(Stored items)
lemma kepler_direct_arc_travel_time:
  assumes c: "c > 0" and d: "d > 0" and a: "a < sqrt c"
  shows "kepler_direct_arc (2 / c) (2 / (c + d)) tA a (travel_time c d (kepler_m d a))"
proof -
  define m where "m = kepler_m d a"
  define T where "T = travel_time c d m"
  have m: "0 < m" "m < sqrt c + sqrt (c + d)" and md: "m^2 - 2 * a * m = d"
    using kepler_m_bounds[OF c d a] kepler_m_equation[of d a] d unfolding m_def by auto
  have D: "kepler_D c d m s > 0" if "s \<in> {0..1}" for s
    using kepler_D_pos[OF c d _ that] m by simp
  have cont: "continuous_on {0..1} (time_density c d m)"
    using D by (intro continuous_on_time_density) (metis less_irrefl)
  have pos: "time_density c d m s > 0" if "s \<in> {0..1}" for s
    unfolding time_density_def using D[OF that] m by simp
  have curve: "((\<lambda>s. 2 / kepler_D c d m s) has_real_derivative (a - m * s) * time_density c d m s) (at s)"
    "((\<lambda>s. a - m * s) has_real_derivative - 1 / (2 / kepler_D c d m s)^2 * time_density c d m s) (at s)"
    if "s \<in> {0..1}" for s
    using kepler_curve_has_derivative[OF md] D[OF that] by auto
  obtain \<sigma> where "\<sigma> tA = 0" "\<sigma> (tA + T) = 1"
    and \<sigma>: "\<And>t. t \<in> {tA..tA + T} \<Longrightarrow> \<sigma> t \<in> {0..1} \<and> (\<sigma> t = 1 \<longrightarrow> t = tA + T) \<and>
      ((\<lambda>t. 2 / kepler_D c d m (\<sigma> t)) has_real_derivative a - m * \<sigma> t) (at t) \<and>
      ((\<lambda>t. a - m * \<sigma> t) has_real_derivative - 1 / (2 / kepler_D c d m (\<sigma> t))^2) (at t)"
    using second_order_ode_time_change[where F = "\<lambda>x. - 1 / x^2",
        OF zero_less_one cont pos curve, where t\<^sub>0 = tA]
    unfolding T_def travel_time_def by blast
  define x where "x t = 2 / kepler_D c d m (\<sigma> t)" for t
  define v where "v t = a - m * \<sigma> t" for t
  have "T > 0" unfolding T_def using travel_time_pos[OF c d m] .
  have sol: "x t > 0 \<and> (x has_real_derivative v t) (at t within {tA..tA + T}) \<and>
      (v has_real_derivative - 1 / (x t)^2) (at t within {tA..tA + T})"
    if "t \<in> {tA..tA + T}" for t
  proof -
    have "x t > 0" unfolding x_def using D \<sigma>[OF that] by simp
    moreover have "(x has_real_derivative v t) (at t)" "(v has_real_derivative - 1 / (x t)^2) (at t)"
      unfolding x_def[abs_def] v_def[abs_def] using \<sigma>[OF that] by simp_all
    ultimately show ?thesis by (simp add: has_field_derivative_at_within)
  qed
  have first: "x t \<noteq> 2 / (c + d)" if "t \<in> {tA..<tA + T}" for t
  proof
    assume "x t = 2 / (c + d)"
    have "t \<in> {tA..tA + T}" using that by simp
    note \<sigma>t = \<sigma>[OF this]
    then have "kepler_D c d m (\<sigma> t) = c + d"
      using \<open>x t = 2 / (c + d)\<close> c d unfolding x_def by simp
    then have "(\<sigma> t - 1) * (d + m^2 * \<sigma> t) = 0"
      unfolding kepler_D_def by (simp add: algebra_simps)
    moreover have "d + m^2 * \<sigma> t > 0"
      using \<sigma>t d by (simp add: add_pos_nonneg)
    ultimately have "\<sigma> t = 1" by simp
    then show False using \<sigma>t that by simp
  qed
  have "x tA = 2 / c" "v tA = a" "x (tA + T) = 2 / (c + d)"
    unfolding x_def v_def kepler_D_def using \<open>\<sigma> tA = 0\<close> \<open>\<sigma> (tA + T) = 1\<close> by simp_all
  with \<open>T > 0\<close> sol first have "kepler_direct_arc (2 / c) (2 / (c + d)) tA a T"
    unfolding kepler_direct_arc_def by (intro conjI exI[of _ x] exI[of _ v] ballI) auto
  then show ?thesis unfolding T_def m_def .
qed

lemma T_DR_eq_travel_time:
  assumes "c > 0" "d > 0" "a < sqrt c"
  shows "T_DR (2 / c) (2 / (c + d)) tA a = travel_time c d (kepler_m d a)"
  unfolding T_DR_def
  using kepler_direct_arc_travel_time[OF assms] kepler_direct_arc_unique by blast

definition time_density_dm :: "real \<Rightarrow> real \<Rightarrow> real \<Rightarrow> real \<Rightarrow> real" where
  "time_density_dm c d m s =
     4 / (kepler_D c d m s)^2 + 16 * m^2 * (s * (1 - s)) / (kepler_D c d m s)^3"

* Your objective:
Here the job is to transcribe the lines from the first line of the data through the line containing "using kepler_D_pos[OF c", inclusive, exactly and with nothing else.

* Output of the exercise:
lemma kepler_direct_arc_travel_time:
  assumes c: "c > 0" and d: "d > 0" and a: "a < sqrt c"
  shows "kepler_direct_arc (2 / c) (2 / (c + d)) tA a (travel_time c d (kepler_m d a))"
proof -
  define m where "m = kepler_m d a"
  define T where "T = travel_time c d m"
  have m: "0 < m" "m < sqrt c + sqrt (c + d)" and md: "m^2 - 2 * a * m = d"
    using kepler_m_bounds[OF c d a] kepler_m_equation[of d a] d unfolding m_def by auto
  have D: "kepler_D c d m s > 0" if "s \<in> {0..1}" for s
    using kepler_D_pos[OF c d _ that] m by simp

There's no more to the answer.